As the protests and the fight for the right to vote is happening across the country, theGrio has been on the ground in Washington to document the protests and the arrests at Congressional office buildings and in the streets in front of the United States Supreme Court.
Protests have resulted in the arrests of three members of the U.S. Congress, Rep. Joyce Beatty, chair of thee Congressional Black Caucus, Rep. Hank Johnson, and more recently, Rep. Sheila Jackson Lee of Texas.
“The significance of members of the Congressional Black Caucus engaging in civil disobedience and being arrested is to highlight for the nation how crucial voting rights is as a lifeline to people of color,” Jackson Lee told theGio following her arrest.
“As a member of the Judiciary Committee who has helped write the voting rights reauthorization in the time that I’ve served in the United States Congress and watched every successive voting rights reauthorization have votes like 98 in the Senate, 400 plus in the House — numbers that reflect that voting rights is a constitutionally fundamental right and a birthright — how we have gotten into the crisis of today is the toxicity of the former president and the toxic nature of race relation.”
Congresswoman Jackson Lee added, “I will continue to engage in civil disobedience, as many others, if necessary, to turn members of the Senate in the right direction. And I will continue to work with members of the Senate to get it right, as we are doing in the House.”
“No one ever said that the fight to protect our voting rights would be easy. We’re fighting Jim Crow 2.0,” said Rev. Lennox Yearwood Jr., president and CEO of Hip Hop Caucus. He underscored the urgency many civil rights leaders are pressing the White House on what is being described as a present-day Jim Crow facilitated by the filibuster.
“We’re prepared to roll up our sleeves to stop voter suppression bills anywhere that blocks voters of color, seniors, or those with disabilities from the ballot.
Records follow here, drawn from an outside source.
text \<open>The lower bound comes from the potential min (sigma a _) h on hemisphere i, glued
  to the constant h on the other hemisphere.\<close>
lemma min_sigma_le_dZ:
  assumes i: "i \<in> {1,2}" and a: "a \<in> Zo i" and b: "b \<in> Zc i"
    and h: "0 \<le> h" "\<forall>c\<in>S1. h \<le> sigma a c"
  shows "ereal (min (sigma a b) h) \<le> dZ g (iota g i a) (iota g i b)"
proof -
  define P where "P = (\<lambda>y. min (sigma a y) h)"
  have na: "norm a = 1" using norm_of_Zo[OF a] .
  have P: "sigma_lipschitz_on (Zc j) P" and const: "sigma_lipschitz_on (Zc j) (\<lambda>_. h)" for j
    unfolding P_def using na by (auto intro!: sigma_lipschitz_on_min_sigma sigma_lipschitz_on_const simp: Zc_def)
  have P_S1: "P c = h" if "c \<in> S1" for c using h that by (simp add: P_def)
  have Pa: "P a = 0" and Pb: "0 \<le> P b"
    using sigma_self[OF na] sigma_nonneg[OF na norm_of_Zc[OF b]] h by (simp_all add: P_def)
  have aZ: "a \<in> Zc i" using a Zo_subset_Zc by auto
  consider "i = 1" | "i = 2" using i by blast
  then have "ereal \<bar>P a - P b\<bar> \<le> dZ g (iota g i a) (iota g i b)"
  proof cases
    case 1
    then show ?thesis
      using glued_dZ_lipschitz[OF P const, of "iota g 1 a" "iota g 1 b"] aZ b P_S1
      by (simp add: glued_iota1)
  next
    case 2
    have compat: "\<forall>c\<in>S1. P (g c) = h" using P_S1 g_in_S1 by simp
    then show ?thesis
      using glued_dZ_lipschitz[OF const P compat, of "iota g 2 a" "iota g 2 b"] aZ b 2
      by (simp add: glued_iota2)
  qed
  then show ?thesis using Pa Pb by (simp add: P_def)
qed

lemma dZ_eq_0_imp_eq:
  assumes i: "i \<in> {1,2}" and a: "a \<in> Zo i" and b: "b \<in> Zc i"
    and zero: "dZ g (iota g i a) (iota g i b) = 0"
  shows "b = a"
proof -
  have na: "norm a = 1" using norm_of_Zo[OF a] .
  have gap: "0 < equator_gap a" using equator_gap_pos[OF na Zo_third_nonzero[OF a]] .
  have "ereal (min (sigma a b) (equator_gap a)) \<le> 0"
    using min_sigma_le_dZ[OF i a b, of "equator_gap a"] gap equator_gap_le_sigma[OF na] zero by simp
  then have "sigma a b = 0" using gap sigma_nonneg[OF na norm_of_Zc[OF b]] by (simp add: min_def split: if_splits)
  then show ?thesis using sigma_eq_0_imp_eq[OF na norm_of_Zc[OF b]] by simp
qed

lemma iota_t_local_isometry:
  assumes i: "i \<in> {1,2}" and x: "x \<in> Zo i"
  shows "\<exists>U. open U \<and> x \<in> U \<and>
    (\<forall>a \<in> U \<inter> Zo i. \<forall>b \<in> U \<inter> Zo i. dZt g (iota_t g i a) (iota_t g i b) = ereal (sigma a b))"
proof -
  have nx: "norm x = 1" using norm_of_Zo[OF x] .
  define e where "e = equator_gap x / 3"
  have e: "0 < e" "e < pi"
    using equator_gap_pos[OF nx Zo_third_nonzero[OF x]] equator_gap_le_pi[OF nx] by (simp_all add: e_def)
  define U where "U = {y. cos e < inner x y}"
  have "open U" unfolding U_def by (rule open_halfspace_gt)
  moreover have "x \<in> U"
    using cos_monotone_0_pi[of 0 e] e power2_norm_eq_inner[of x] nx by (simp add: U_def)
  moreover have "dZt g (iota_t g i a) (iota_t g i b) = ereal (sigma a b)"
    if a: "a \<in> U \<inter> Zo i" and b: "b \<in> U \<inter> Zo i" for a b
  proof -
    have na: "norm a = 1" "norm b = 1" using a b norm_of_Zo by auto
    have near: "sigma x a < e" "sigma x b < e"
      using a b e nx na sigma_less_if_cos_less_inner unfolding U_def by auto
    have "2 * e \<le> sigma a c" if c: "c \<in> S1" for c
      using sigma_triangle[OF nx na(1) norm_of_S1[OF c]] equator_gap_le_sigma[OF nx c] near
      unfolding e_def by simp
    moreover have ab: "a \<in> Zc i" "b \<in> Zc i" using a b Zo_subset_Zc by auto
    ultimately have "ereal (min (sigma a b) (2 * e)) \<le> dZ g (iota g i a) (iota g i b)"
      using min_sigma_le_dZ[OF i, of a b "2 * e"] a e by simp
    moreover have "sigma a b < 2 * e"
      using sigma_triangle[OF na(1) nx na(2)] near sigma_commute[of a x] by simp
    ultimately show ?thesis
      using dZt_iota_t_le_sigma[OF i ab] dZt_iota_t[OF i ab] by (auto intro: antisym)
  qed
  ultimately show ?thesis by blast
qed

lemma iota_t_fiber_Zo:
  assumes i: "i \<in> {1,2}" and a: "a \<in> Zo i"
  shows "{b \<in> Zc i. iota_t g i b = iota_t g i a} = {a}"
proof -
  have "b = a" if "b \<in> Zc i" "iota_t g i b = iota_t g i a" for b
    using that a i Zo_subset_Zc Q_eq_iff[of "iota g i a" "iota g i b"] iota_in_Z dZ_eq_0_imp_eq
    unfolding iota_t_def by (metis subsetD)
  then show ?thesis using a Zo_subset_Zc by auto
qed

end

section \<open>Arc costs along the equator\<close>

fun partition_cost :: "(real \<Rightarrow> real) \<Rightarrow> real list \<Rightarrow> real" where
  "partition_cost F (a # b # r) = min (b - a) (F b - F a) + partition_cost F (b # r)"
| "partition_cost F _ = 0"

definition partitions :: "real \<Rightarrow> real \<Rightarrow> real list set" where
  "partitions s t = {ts. ts \<noteq> [] \<and> sorted ts \<and> hd ts = s \<and> last ts = t}"

text \<open>The cheapest way from eqpt s to eqpt t along the equator of Z, where each step may be
  measured on whichever hemisphere makes it shorter; F is the lift of the glueing map.\<close>
definition arc_cost :: "(real \<Rightarrow> real) \<Rightarrow> real \<Rightarrow> real \<Rightarrow> real" where
  "arc_cost F s t = Inf (partition_cost F ` partitions s t)"

lemma partition_cost_append:
  "xs \<noteq> [] \<Longrightarrow> ys \<noteq> [] \<Longrightarrow> last xs = hd ys \<Longrightarrow>
    partition_cost F (xs @ tl ys) = partition_cost F xs + partition_cost F ys"
proof (induction xs rule: induct_list012)
  case (2 x)
  then show ?case by (cases ys) auto
qed simp_all

lemma sorted_le_last: "sorted xs \<Longrightarrow> x \<in> set xs \<Longrightarrow> x \<le> last xs"
  by (induction xs) (auto dest: last_in_set)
Our democracy and our communities depend on it. The stakes couldn’t be higher,” Yearwood added.
Since the start of 2021, 30 anti-voting bills and counting have been enacted. To address the attack on democracy, on Thursday House Speaker Nancy Pelosi and leaders of the NAACP held a call with legislators from Georgia, Michigan and Ohio to strategize immediate federal action on protecting the right to vote.
Cora Masters Barry, the widow of late D.C. Mayor Marion Barry, cried in the Hart Senate Office Building weeks ago when her fellow colleagues were arrested for peacefully marching and singing in protest of the current state of voting rights in this nation.
Ms. Barry lamented that she is upset to be back in this place after marching in the 1960s for voting rights.
The public face of voting rights has been that of Black people thus far in the modern fight for democracy, but various coalition groups contend the new restrictive laws impact all groups from the disabled to Latinx to Asians, as well as white America.
“Every single person in this country is touched by the right to vote,” said Congresswoman Lisa Blunt Rochester, an at-large representative for Delaware. “[Voting] is tied to everything that is on the line.”